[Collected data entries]
****
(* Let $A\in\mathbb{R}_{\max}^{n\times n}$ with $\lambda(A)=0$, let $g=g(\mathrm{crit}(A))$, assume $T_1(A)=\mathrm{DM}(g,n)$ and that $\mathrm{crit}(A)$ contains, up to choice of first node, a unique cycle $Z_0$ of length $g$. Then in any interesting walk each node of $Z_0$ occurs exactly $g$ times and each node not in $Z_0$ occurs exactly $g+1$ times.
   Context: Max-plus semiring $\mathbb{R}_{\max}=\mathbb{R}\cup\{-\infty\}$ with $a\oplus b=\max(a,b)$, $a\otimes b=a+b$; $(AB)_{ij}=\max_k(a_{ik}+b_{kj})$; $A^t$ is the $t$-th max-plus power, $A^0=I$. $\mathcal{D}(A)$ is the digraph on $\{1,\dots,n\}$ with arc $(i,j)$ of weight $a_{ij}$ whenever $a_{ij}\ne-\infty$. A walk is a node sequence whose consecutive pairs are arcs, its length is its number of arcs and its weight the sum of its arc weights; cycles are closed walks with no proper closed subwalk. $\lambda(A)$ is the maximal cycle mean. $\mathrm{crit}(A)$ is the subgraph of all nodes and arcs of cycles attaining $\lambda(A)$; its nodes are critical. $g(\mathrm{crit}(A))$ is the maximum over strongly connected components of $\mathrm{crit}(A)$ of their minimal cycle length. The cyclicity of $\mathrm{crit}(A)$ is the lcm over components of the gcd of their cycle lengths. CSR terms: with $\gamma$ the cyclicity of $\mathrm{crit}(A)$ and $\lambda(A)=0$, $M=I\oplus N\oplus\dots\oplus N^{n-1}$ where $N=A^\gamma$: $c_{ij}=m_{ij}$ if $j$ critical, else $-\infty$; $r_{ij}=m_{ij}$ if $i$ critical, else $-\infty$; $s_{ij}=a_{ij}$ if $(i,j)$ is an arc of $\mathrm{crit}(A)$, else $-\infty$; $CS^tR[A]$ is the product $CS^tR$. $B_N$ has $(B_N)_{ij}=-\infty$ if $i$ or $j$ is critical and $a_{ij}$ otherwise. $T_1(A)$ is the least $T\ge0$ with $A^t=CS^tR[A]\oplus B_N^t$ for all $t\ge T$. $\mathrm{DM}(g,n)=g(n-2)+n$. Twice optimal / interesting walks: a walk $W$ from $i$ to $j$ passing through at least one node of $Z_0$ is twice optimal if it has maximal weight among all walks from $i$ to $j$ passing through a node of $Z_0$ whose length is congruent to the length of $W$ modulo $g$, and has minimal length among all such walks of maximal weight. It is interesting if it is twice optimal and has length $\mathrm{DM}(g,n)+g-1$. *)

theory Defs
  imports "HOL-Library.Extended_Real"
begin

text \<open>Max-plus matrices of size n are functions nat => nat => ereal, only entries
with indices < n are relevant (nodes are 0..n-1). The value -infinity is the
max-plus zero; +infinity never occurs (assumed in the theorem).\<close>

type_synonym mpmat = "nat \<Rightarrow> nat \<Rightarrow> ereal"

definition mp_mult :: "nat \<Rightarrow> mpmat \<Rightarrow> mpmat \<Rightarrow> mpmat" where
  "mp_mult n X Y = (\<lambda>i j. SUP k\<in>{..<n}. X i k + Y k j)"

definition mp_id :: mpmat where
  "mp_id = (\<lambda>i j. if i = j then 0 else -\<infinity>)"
****
Repeat word for word the lines running from the line containing "mpmat \<Rightarrow> mpmat" to the end of the entries above, inclusive.

definition mp_mult :: "nat \<Rightarrow> mpmat \<Rightarrow> mpmat \<Rightarrow> mpmat" where
  "mp_mult n X Y = (\<lambda>i j. SUP k\<in>{..<n}. X i k + Y k j)"

definition mp_id :: mpmat where
  "mp_id = (\<lambda>i j. if i = j then 0 else -\<infinity>)"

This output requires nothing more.